ICU Therapies and Outcomes by Measurements of Cardiac Function

ICU Therapies	All Patients (n = 65)	Conventional Echocardiography		p	Strain Echocardiography		p
		Normal LVEF (≥ 55%, n = 41)	Abnormal LVEF (< 55%, n = 24)		Normal GLS4ch (< –17.2%, n = 9)	Abnormal GLS4ch (≥ –17.2%, n = 56)
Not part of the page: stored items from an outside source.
(* Let $\alpha\in(0,\infty)$ and let $X_1,X_2,\ldots$ be i.i.d. random variables with $\Pr(X_i=0)=\Pr(X_i=\alpha)=1/2$. Let $\mu_\alpha$ be the distribution of the random continued fraction $[1,X_1,1,X_2,1,X_3,\ldots]$. If $\mu_\alpha$ is absolutely continuous with respect to Lebesgue measure with a density belonging to $L^p$ for every $p<\infty$, then $\alpha\le(3\sqrt2-4)/2$. In particular, this conclusion holds if $\mu_\alpha$ has a density in $L^\infty$.
   Context: The continued fraction $[1,x_1,1,x_2,\ldots]=\cfrac{1}{1+\cfrac{1}{x_1+\cfrac{1}{1+\cfrac{1}{x_2+\cdots}}}}$ is defined as $\lim_{n\to\infty}T_{x_1}\circ\cdots\circ T_{x_n}(0)$ with $T_a(x):=\frac{x+a}{1+x+a}$; the limit exists by monotonicity in each $x_i$. The measure $\mu_\alpha$ is supported on a bounded interval $[0,M_\alpha]$. *)

theory Defs
  imports "HOL-Probability.Probability"
begin

definition cfT :: "real \<Rightarrow> real \<Rightarrow> real" where
  "cfT a x = (x + a) / (1 + x + a)"

text \<open>The continued fraction [1, x_1, 1, x_2, ...] with x_(i+1) = xs i, defined as
  the limit of T_(x_1) o ... o T_(x_n) (0) as n tends to infinity.\<close>
definition rcf :: "(nat \<Rightarrow> real) \<Rightarrow> real" where
  "rcf xs = lim (\<lambda>n. foldr (\<lambda>i acc. cfT (xs i) acc) [0..<n] 0)"

definition coins :: "(nat \<Rightarrow> bool) measure" where
  "coins = PiM UNIV (\<lambda>_. measure_pmf (bernoulli_pmf (1/2)))"

text \<open>X_(i+1)(w) = alpha if coin i is heads, 0 otherwise; so P(X=0)=P(X=alpha)=1/2, i.i.d.\<close>
definition Xcoin :: "real \<Rightarrow> nat \<Rightarrow> (nat \<Rightarrow> bool) \<Rightarrow> real" where
  "Xcoin \<alpha> i \<omega> = (if \<omega> i then \<alpha> else 0)"

definition mu :: "real \<Rightarrow> real measure" where
  "mu \<alpha> = distr coins lborel (\<lambda>\<omega>. rcf (\<lambda>i. Xcoin \<alpha> i \<omega>))"

definition has_density :: "real measure \<Rightarrow> (real \<Rightarrow> real) \<Rightarrow> bool" where
  "has_density M f \<longleftrightarrow> f \<in> borel_measurable lborel \<and> (\<forall>x. 0 \<le> f x)
     \<and> M = density lborel (\<lambda>x. ennreal (f x))"

end

(* Let M be the fixed point of T_alpha in [0, oo); it is the top of the support of mu_alpha.
   If the first n coins all give alpha, the continued fraction lies in I_n = [T_alpha^n(0), M],
   so mu_alpha(I_n) >= 2^-n.  Linearising T_alpha at M gives |I_(n+1)| / |I_n| --> 1 / beta^2
   with beta = 1 + M + alpha.  A density f in L^p gives mu(I) <= (1 + ||f||_p^p) |I|^(1 - 1/p),
   and comparing the two geometric rates forces 1/2 <= beta^(-2 (1 - 1/p)) for every p; letting
   p --> oo yields beta^2 <= 2, which is alpha <= (3 sqrt 2 - 4) / 2.  A bounded density of a
   probability measure lies in every L^p. *)

theory Submission
  imports Defs
begin

section \<open>The Moebius map and its fixed point\<close>

lemma cfT_nonneg: "0 \<le> a \<Longrightarrow> 0 \<le> x \<Longrightarrow> 0 \<le> cfT a x"
  unfolding cfT_def by simp

lemma cfT_diff:
  "0 \<le> a \<Longrightarrow> 0 \<le> x \<Longrightarrow> 0 \<le> y \<Longrightarrow>
   cfT a y - cfT a x = (y - x) / ((1 + x + a) * (1 + y + a))"
  unfolding cfT_def by (simp add: field_simps)

lemma cfT_mono:
  assumes "0 \<le> a" "a \<le> b" "0 \<le> x" "x \<le> y"
  shows "cfT a x \<le> cfT b y"
proof -
  have "1 / (1 + y + b) \<le> 1 / (1 + x + a)"
    using assms by (intro divide_left_mono) auto
  moreover have "cfT c z = 1 - 1 / (1 + z + c)" if "0 \<le> c" "0 \<le> z" for c z
    using that unfolding cfT_def by (simp add: field_simps)
  ultimately show ?thesis
    using assms by simp
qed

definition cfT_fixpoint :: "real \<Rightarrow> real" where
  "cfT_fixpoint a = (sqrt (a\<^sup>2 + 4 * a) - a) / 2"

lemma cfT_fixpoint_pos: "0 < a \<Longrightarrow> 0 < cfT_fixpoint a"
  unfolding cfT_fixpoint_def by (simp add: real_less_rsqrt)

lemma cfT_fixpoint_nonneg: "0 \<le> a \<Longrightarrow> 0 \<le> cfT_fixpoint a"
  unfolding cfT_fixpoint_def by (simp add: real_le_rsqrt)

lemma cfT_cfT_fixpoint:
  assumes "0 \<le> a"
  shows "cfT a (cfT_fixpoint a) = cfT_fixpoint a"
proof -
  define M where "M = cfT_fixpoint a"
  have "2 * M + a = sqrt (a\<^sup>2 + 4 * a)"
    unfolding M_def cfT_fixpoint_def by (simp add: field_simps)
  then have "(2 * M + a)\<^sup>2 = a\<^sup>2 + 4 * a"
    using assms by simp
  then have "M * (1 + M + a) = M + a"
    by (simp add: power2_eq_square algebra_simps)
  moreover have "0 \<le> M"
    using assms unfolding M_def by (rule cfT_fixpoint_nonneg)
  ultimately show ?thesis
    using assms unfolding M_def[symmetric] cfT_def by (simp add: field_simps)
qed

lemma funpow_cfT_fixpoint: "0 \<le> a \<Longrightarrow> (cfT a ^^ n) (cfT_fixpoint a) = cfT_fixpoint a"
  by (induction n) (simp_all add: cfT_cfT_fixpoint)

lemma cfT_fixpoint_threshold:
  assumes "0 \<le> a" and "(1 + cfT_fixpoint a + a)\<^sup>2 \<le> 2"
  shows "a \<le> (3 * sqrt 2 - 4) / 2"
proof -
  define s where "s = sqrt 2"
  define S where "S = sqrt (a\<^sup>2 + 4 * a)"
  have s: "s * s = 2" "0 < s"
    unfolding s_def by simp_all
  have "1 + cfT_fixpoint a + a \<le> s"
    using assms unfolding s_def by (intro real_le_rsqrt) simp
  then have "S \<le> 2 * s - 2 - a"
    unfolding cfT_fixpoint_def S_def[symmetric] by (simp add: field_simps)
  moreover have "0 \<le> S"
    unfolding S_def using assms by simp
  ultimately have "S * S \<le> (2 * s - 2 - a) * (2 * s - 2 - a)"
    by (intro mult_mono) auto
  moreover have "S * S = a\<^sup>2 + 4 * a"
    unfolding S_def using assms by simp
  ultimately have "a\<^sup>2 + 4 * a \<le> (2 * s - 2 - a) * (2 * s - 2 - a)"
    by simp
  then have "s * (2 * a) \<le> s * (3 * s - 4)"
    using s by (simp add: power2_eq_square algebra_simps)
  then show ?thesis
    using s unfolding s_def by simp
qed

section \<open>Partial continued fractions and the orbit of 0\<close>

definition cf_partial :: "(nat \<Rightarrow> real) \<Rightarrow> nat \<Rightarrow> real \<Rightarrow> real" where
  "cf_partial xs n y = foldr (\<lambda>i acc. cfT (xs i) acc) [0..<n] y"

lemma cf_partial_0 [simp]: "cf_partial xs 0 y = y"
  by (simp add: cf_partial_def)

lemma cf_partial_Suc: "cf_partial xs (Suc n) y = cf_partial xs n (cfT (xs n) y)"
  by (simp add: cf_partial_def)

lemma cf_partial_const: "cf_partial (\<lambda>_. a) n y = (cfT a ^^ n) y"
  by (induction n arbitrary: y) (simp_all add: cf_partial_Suc funpow_swap1)

lemma cf_partial_cong: "(\<And>i. i < n \<Longrightarrow> xs i = ys i) \<Longrightarrow> cf_partial xs n y = cf_partial ys n y"
  unfolding cf_partial_def by (intro foldr_cong) auto

lemma cf_partial_mono:
  assumes "\<And>i. 0 \<le> xs i" "\<And>i. xs i \<le> ys i" "0 \<le> y" "y \<le> z"
  shows "cf_partial xs n y \<le> cf_partial ys n z"
  using assms(3,4)
proof (induction n arbitrary: y z)
  case (Suc n)
  have "0 \<le> cfT (xs n) y" "cfT (xs n) y \<le> cfT (ys n) z"
    using Suc.prems assms(1,2) by (auto intro: cfT_nonneg cfT_mono)
  then show ?case
    using Suc.IH by (simp add: cf_partial_Suc)
qed simp

context
  fixes xs :: "nat \<Rightarrow> real" and a :: real
  assumes nonneg: "\<And>i. 0 \<le> xs i" and le_a: "\<And>i. xs i \<le> a"
begin

lemma cf_partial_incseq: "incseq (\<lambda>n. cf_partial xs n 0)"
proof (rule incseq_SucI)
  fix n
  have "cf_partial xs n 0 \<le> cf_partial xs n (cfT (xs n) 0)"
    using nonneg by (intro cf_partial_mono cfT_nonneg) auto
  then show "cf_partial xs n 0 \<le> cf_partial xs (Suc n) 0"
    by (simp add: cf_partial_Suc)
qed

lemma cf_partial_le_cfT_fixpoint: "cf_partial xs n 0 \<le> cfT_fixpoint a"
proof -
  have a: "0 \<le> a"
    using nonneg[of 0] le_a[of 0] by linarith
  then have "cf_partial xs n 0 \<le> cf_partial (\<lambda>_. a) n (cfT_fixpoint a)"
    using nonneg le_a by (intro cf_partial_mono cfT_fixpoint_nonneg) auto
  then show ?thesis
    using a by (simp add: cf_partial_const funpow_cfT_fixpoint)
qed

lemma cf_partial_LIMSEQ_rcf: "(\<lambda>n. cf_partial xs n 0) \<longlonglongrightarrow> rcf xs"
proof -
  obtain L where L: "(\<lambda>n. cf_partial xs n 0) \<longlonglongrightarrow> L"
    using incseq_convergent[OF cf_partial_incseq] cf_partial_le_cfT_fixpoint by blast
  moreover from L have "rcf xs = L"
    unfolding rcf_def cf_partial_def[symmetric] by (rule limI)
  ultimately show ?thesis
    by simp
qed

lemma cf_partial_le_rcf: "cf_partial xs n 0 \<le> rcf xs"
  using cf_partial_incseq cf_partial_LIMSEQ_rcf by (rule incseq_le)

lemma rcf_le_cfT_fixpoint: "rcf xs \<le> cfT_fixpoint a"
  using cf_partial_LIMSEQ_rcf by (rule LIMSEQ_le_const2) (use cf_partial_le_cfT_fixpoint in blast)

end

definition cf_orbit :: "real \<Rightarrow> nat \<Rightarrow> real" where
  "cf_orbit a n = (cfT a ^^ n) 0"

definition cf_gap :: "real \<Rightarrow> nat \<Rightarrow> real" where
  "cf_gap a n = cfT_fixpoint a - cf_orbit a n"

lemma cf_orbit_Suc: "cf_orbit a (Suc n) = cfT a (cf_orbit a n)"
  by (simp add: cf_orbit_def)

lemma cf_orbit_nonneg: "0 \<le> a \<Longrightarrow> 0 \<le> cf_orbit a n"
  by (induction n) (simp_all add: cf_orbit_def cfT_nonneg)

lemma cf_gap_Suc:
  assumes "0 \<le> a"
  shows "cf_gap a (Suc n) = cf_gap a n / ((1 + cf_orbit a n + a) * (1 + cfT_fixpoint a + a))"
proof -
  have "cf_gap a (Suc n) = cfT a (cfT_fixpoint a) - cfT a (cf_orbit a n)"
    using assms by (simp add: cf_gap_def cf_orbit_Suc cfT_cfT_fixpoint)
  also have "\<dots> = cf_gap a n / ((1 + cf_orbit a n + a) * (1 + cfT_fixpoint a + a))"
    unfolding cf_gap_def using assms by (intro cfT_diff cf_orbit_nonneg cfT_fixpoint_nonneg)
  finally show ?thesis .
qed

lemma cf_gap_pos: "0 < a \<Longrightarrow> 0 < cf_gap a n"
proof (induction n)
  case 0
  then show ?case
    by (simp add: cf_gap_def cf_orbit_def cfT_fixpoint_pos)
next
  case (Suc n)
  have "0 < (1 + cf_orbit a n + a) * (1 + cfT_fixpoint a + a)"
    using Suc.prems cf_orbit_nonneg[of a n] cfT_fixpoint_pos[of a] by (intro mult_pos_pos) auto
  then show ?case
    using Suc by (simp add: cf_gap_Suc)
qed
(* Let $p$ be a prime greater than $3$ and let $x$ be an indeterminate. Then $$\sum_{k=0}^{[p/3]}\frac{(3k)!}{27^k\,k!^3}\big(x^k-(-1)^{[p/3]}(1-x)^k\big)\equiv0\pmod p.$$
   Context: $[y]$ is the greatest integer not exceeding $y$. The congruence is coefficientwise for polynomials with rational coefficients having denominators prime to $p$. *)

theory Defs
  imports "HOL-Computational_Algebra.Polynomial" "HOL-Computational_Algebra.Primes"
begin

definition rat_cong0 :: "nat \<Rightarrow> rat \<Rightarrow> bool" where
  "rat_cong0 p q \<longleftrightarrow> (\<exists>n d::int. d \<noteq> 0 \<and> \<not> int p dvd d \<and> int p dvd n \<and> q = of_int n / of_int d)"

definition poly_cong0 :: "nat \<Rightarrow> rat poly \<Rightarrow> bool" where
  "poly_cong0 p P \<longleftrightarrow> (\<forall>i. rat_cong0 p (coeff P i))"

end

theory Submission
  imports Defs "HOL-Number_Theory.Cong"
begin

text \<open>
  Put n = [p/3] and m = p - 1 - n, so that {3n, 3m} = {-1, -2} modulo p. Comparing
  (3k)! = 3^k k! \<Prod>i<k. (3i+1)(3i+2) with 27^k k!^3 C(n,k) C(m,k) = 3^k k! \<Prod>i<k. (3n-3i)(3m-3i)
  factor by factor shows (3k)!/(27^k k!^3) = C(n,k) C(m,k) mod p for k \<le> n. After this replacement
  the coefficient of x^j is the integer C(n,j) C(m,j) - (-1)^(n+j) \<Sum>k. C(n,k) C(m,k) C(k,j), and by
  Vandermonde the sum is C(n,j) C(p-1-j,n). Since C(p-1-a,b) = (-1)^b C(a+b,b) mod p whenever
  a + b < p, both terms are congruent to (-1)^j C(n,j) C(n+j,j).
\<close>

lemma rat_cong0_of_int:
  assumes "p \<noteq> 1" "int p dvd a"
  shows "rat_cong0 p (of_int a)"
  unfolding rat_cong0_def using assms by (intro exI[of _ a] exI[of _ 1]) auto

lemma rat_cong0_add:
  assumes "prime p" "rat_cong0 p x" "rat_cong0 p y"
  shows "rat_cong0 p (x + y)"
proof -
  obtain a b c d where "b \<noteq> 0" "\<not> int p dvd b" "int p dvd a" "x = of_int a / of_int b"
    "d \<noteq> 0" "\<not> int p dvd d" "int p dvd c" "y = of_int c / of_int d"
    using assms(2,3) unfolding rat_cong0_def by blast
  moreover have "\<not> int p dvd b * d" if "\<not> int p dvd b" "\<not> int p dvd d"
    using that assms(1) prime_dvd_mult_iff[of "int p"] by auto
  ultimately show ?thesis
    unfolding rat_cong0_def by (intro exI[of _ "a * d + c * b"] exI[of _ "b * d"]) (auto simp: field_simps)
qed

lemma rat_cong0_mult_of_int:
  assumes "rat_cong0 p x"
  shows "rat_cong0 p (x * of_int c)"
proof -
  obtain a b where "b \<noteq> 0" "\<not> int p dvd b" "int p dvd a" "x = of_int a / of_int b"
    using assms unfolding rat_cong0_def by blast
  then show ?thesis
    unfolding rat_cong0_def by (intro exI[of _ "a * c"] exI[of _ b]) auto
qed

lemma rat_cong0_sum:
  assumes "prime p" "\<And>k. k \<in> A \<Longrightarrow> rat_cong0 p (f k)"
  shows "rat_cong0 p (sum f A)"
proof -
  have "rat_cong0 p 0"
    using rat_cong0_of_int[of p 0] assms(1) not_prime_1 by (metis dvd_0_right of_int_0)
  with assms show ?thesis
    by (induction A rule: infinite_finite_induct) (auto simp: rat_cong0_add)
qed

lemma rat_cong0_diff_of_cong:
  assumes "[a = b * d] (mod int p)" "d \<noteq> 0" "\<not> int p dvd d"
  shows "rat_cong0 p (of_int a / of_int d - of_int b)"
proof -
  have "of_int a / of_int d - of_int b = (of_int (a - b * d) / of_int d :: rat)"
    using assms(2) by (simp add: field_simps)
  then show ?thesis
    unfolding rat_cong0_def using assms by (metis cong_iff_dvd_diff)
qed

lemma fact_mult_binomial_int:
  "fact k * int (n choose k) = (\<Prod>i<k. int n - int i)"
  using gbinomial_int_mult_fact[of k "int n"] by (simp add: int_binomial atLeast0LessThan)

lemma prod_negated_upper_eq_fact_mult_binomial:
  "(\<Prod>i<b. - int a - 1 - int i) = (-1) ^ b * (fact b * int (a + b choose b))"
  using gbinomial_int_negated_upper[of "- int a - 1" b] gbinomial_int_mult_fact[of b "- int a - 1"]
  by (simp add: int_binomial atLeast0LessThan algebra_simps)

lemma binomial_prime_minus_cong:
  assumes "prime p" "a + b < p"
  shows "[int (p - 1 - a choose b) = (-1) ^ b * int (a + b choose b)] (mod int p)"
proof -
  have "[int (p - 1 - a) - int i = - int a - 1 - int i] (mod int p)" for i
    using assms by (simp add: cong_iff_dvd_diff of_nat_diff)
  then have "[fact b * int (p - 1 - a choose b) = (\<Prod>i<b. - int a - 1 - int i)] (mod int p)"
    unfolding fact_mult_binomial_int by (intro cong_prod)
  also have "(\<Prod>i<b. - int a - 1 - int i) = fact b * ((-1) ^ b * int (a + b choose b))"
    by (simp add: prod_negated_upper_eq_fact_mult_binomial)
  finally have "[fact b * int (p - 1 - a choose b) = fact b * ((-1) ^ b * int (a + b choose b))] (mod int p)" .
  moreover have "coprime (fact b) (int p)"
  proof -
    have "\<not> p dvd fact b"
      using assms by (simp add: prime_dvd_fact_iff)
    then show ?thesis
      using assms(1) by (metis coprime_commute of_nat_fact prime_imp_coprime coprime_int_iff)
  qed
  ultimately show ?thesis
    using cong_mult_lcancel by blast
qed

lemma fact_three_mult:
  "fact (3 * k) = 3 ^ k * fact k * (\<Prod>i<k. (3 * i + 1) * (3 * i + 2) :: nat)"
proof (induction k)
  case (Suc k)
  have "3 * Suc k = Suc (Suc (Suc (3 * k)))"
    by simp
  then have "fact (3 * Suc k) = (3 * k + 3) * (3 * k + 2) * (3 * k + 1) * (fact (3 * k) :: nat)"
    by (simp only: fact_Suc) (simp add: algebra_simps)
  also have "\<dots> = 3 ^ Suc k * fact (Suc k) * (\<Prod>i<Suc k. (3 * i + 1) * (3 * i + 2))"
    unfolding Suc.IH by (simp add: algebra_simps)
  finally show ?case .
qed simp

lemma prod_three_mult_eq_fact_mult_binomial:
  "(\<Prod>i<k. 3 * int n - 3 * int i) = 3 ^ k * (fact k * int (n choose k))"
proof -
  have "(\<Prod>i<k. 3 * int n - 3 * int i) = (\<Prod>i<k. 3 * (int n - int i))"
    by (simp add: right_diff_distrib)
  also have "\<dots> = 3 ^ k * (\<Prod>i<k. int n - int i)"
    by (simp only: prod.distrib prod_constant card_lessThan)
  finally show ?thesis
    by (simp add: fact_mult_binomial_int)
qed

lemma fact_three_mult_cong:
  fixes q :: int
  assumes "[3 * int n = -1] (mod q)" "[3 * int m = -2] (mod q)"
  shows "[fact (3 * k) = 27 ^ k * fact k ^ 3 * int (n choose k) * int (m choose k)] (mod q)"
proof -
  have "[(3 * int n - 3 * int i) * (3 * int m - 3 * int i) = (3 * int i + 1) * (3 * int i + 2)] (mod q)" for i
  proof -
    have "[(3 * int n - 3 * int i) * (3 * int m - 3 * int i) = (- 1 - 3 * int i) * (- 2 - 3 * int i)] (mod q)"
      using assms by (intro cong_mult cong_diff cong_refl)
    then show ?thesis
      by (simp add: algebra_simps)
  qed
  then have "[(\<Prod>i<k. 3 * int n - 3 * int i) * (\<Prod>i<k. 3 * int m - 3 * int i)
      = (\<Prod>i<k. (3 * int i + 1) * (3 * int i + 2))] (mod q)"
    unfolding prod.distrib[symmetric] by (intro cong_prod)
  then have "[3 ^ k * fact k * ((\<Prod>i<k. 3 * int n - 3 * int i) * (\<Prod>i<k. 3 * int m - 3 * int i))
      = 3 ^ k * fact k * (\<Prod>i<k. (3 * int i + 1) * (3 * int i + 2))] (mod q)"
    by (intro cong_mult cong_refl)
  also have "3 ^ k * fact k * (\<Prod>i<k. (3 * int i + 1) * (3 * int i + 2)) = fact (3 * k)"
    using arg_cong[OF fact_three_mult[of k], of int]
    by (simp only: of_nat_mult of_nat_power of_nat_fact of_nat_prod of_nat_add of_nat_numeral of_nat_1)
  finally have "[3 ^ k * fact k * ((\<Prod>i<k. 3 * int n - 3 * int i) * (\<Prod>i<k. 3 * int m - 3 * int i))
      = fact (3 * k)] (mod q)" .
  moreover have "(27 :: int) ^ k = 3 ^ k * 3 ^ k * 3 ^ k"
    by (simp flip: power_mult_distrib)
  ultimately show ?thesis
    by (simp add: prod_three_mult_eq_fact_mult_binomial power3_eq_cube cong_sym_eq)
      (simp add: algebra_simps)
qed

lemma rat_cong0_fact_three_mult_div:
  assumes "prime p" "p \<noteq> 3" "k < p" "[fact (3 * k) = 27 ^ k * fact k ^ 3 * b] (mod int p)"
  shows "rat_cong0 p (of_nat (fact (3 * k)) / (27 ^ k * of_nat (fact k) ^ 3) - of_int b)"
proof -
  have "\<not> int p dvd 3"
  proof
    assume "int p dvd 3"
    then have "p dvd 3"
      using int_dvd_int_iff[of p 3] by simp
    then show False
      using assms(2) prime_gt_1_nat[OF assms(1)] dvd_imp_le[of p 3] by (cases "p = 2") auto
  qed
  moreover have "\<not> int p dvd fact k"
    using assms(1,3) int_dvd_int_iff[of p "fact k"] by (simp add: prime_dvd_fact_iff)
  moreover have "(27 :: int) ^ k * fact k ^ 3 = 3 ^ (3 * k) * fact k ^ 3"
    by (simp add: power_mult)
  moreover have "prime (int p)"
    using assms(1) by simp
  ultimately have "\<not> int p dvd 27 ^ k * fact k ^ 3"
    by (metis prime_dvd_mult_iff prime_dvd_power)
  then have "rat_cong0 p (of_int (fact (3 * k)) / of_int (27 ^ k * fact k ^ 3) - of_int b)"
    using assms(4) by (intro rat_cong0_diff_of_cong) (auto simp: mult.commute)
  then show ?thesis
    by simp
qed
Any vasoactives, n (%)	50 (77)	30 (73)	20 (83)	0.348	4 (44)	46 (82)	0.013
Days vasoactives, median (IQR)	3.5 (2–5)	2 (0–4)	3 (2–5)	0.158	2 (2–4)	4 (2–5)	0.099
Maximum Vasotropic-Inotropic Score, median (IQR)	15 (7–25)	17 (7–25)	12 (9.5–23)	0.262	17 (10–40)	14.8 (7–25)	0.577
Any positive pressure ventilation, n (%)	36 (55)	22 (51)	14 (67)	0.714	3 (33)	33 (59)	0.152
NIPPV, n (%)	28 (43)	16 (39)	12 (50)	0.388	1 (11)	27 (48)	0.037
Days of NIPPV, median (IQR)	2 (2–4)	2 (2–4)	2.5 (2–6)	0.837	2 (2–2)	2 (2–4)	0.714
Mechanical ventilation, n (%)	13 (20)	8 (20)	5 (21)	0.898	2 (22)	11 (20)	0.857
Days mechanical ventilation, median (IQR)	5 (4–5)	4.5 (4–5)	5 (5–7)	0.284	4.5 (4–5)	5 (3–7)	0.769
ICU outcomes
ICU LOS, median (IQR)	4 (2–6)	3 (2–5)	4.5 (3–7)	0.145	2 (2–4)	4.5 (3–7)	0.014
Hospital LOS, median (IQR)	12 (8–14)	11 (8–14)	13 (8–18)	0.288	10 (8–13)	12 (8–15)	0.581
Mortality, n (%)	0 (0)	NA	NA	NA	NA	NA	NA

GLS4ch = global longitudinal strain four chamber, IQR = interquartile range, LOS = length of stay, LVEF = left ventricular ejection fraction, NA = not available, NIPPV = noninvasive positive pressure ventilation.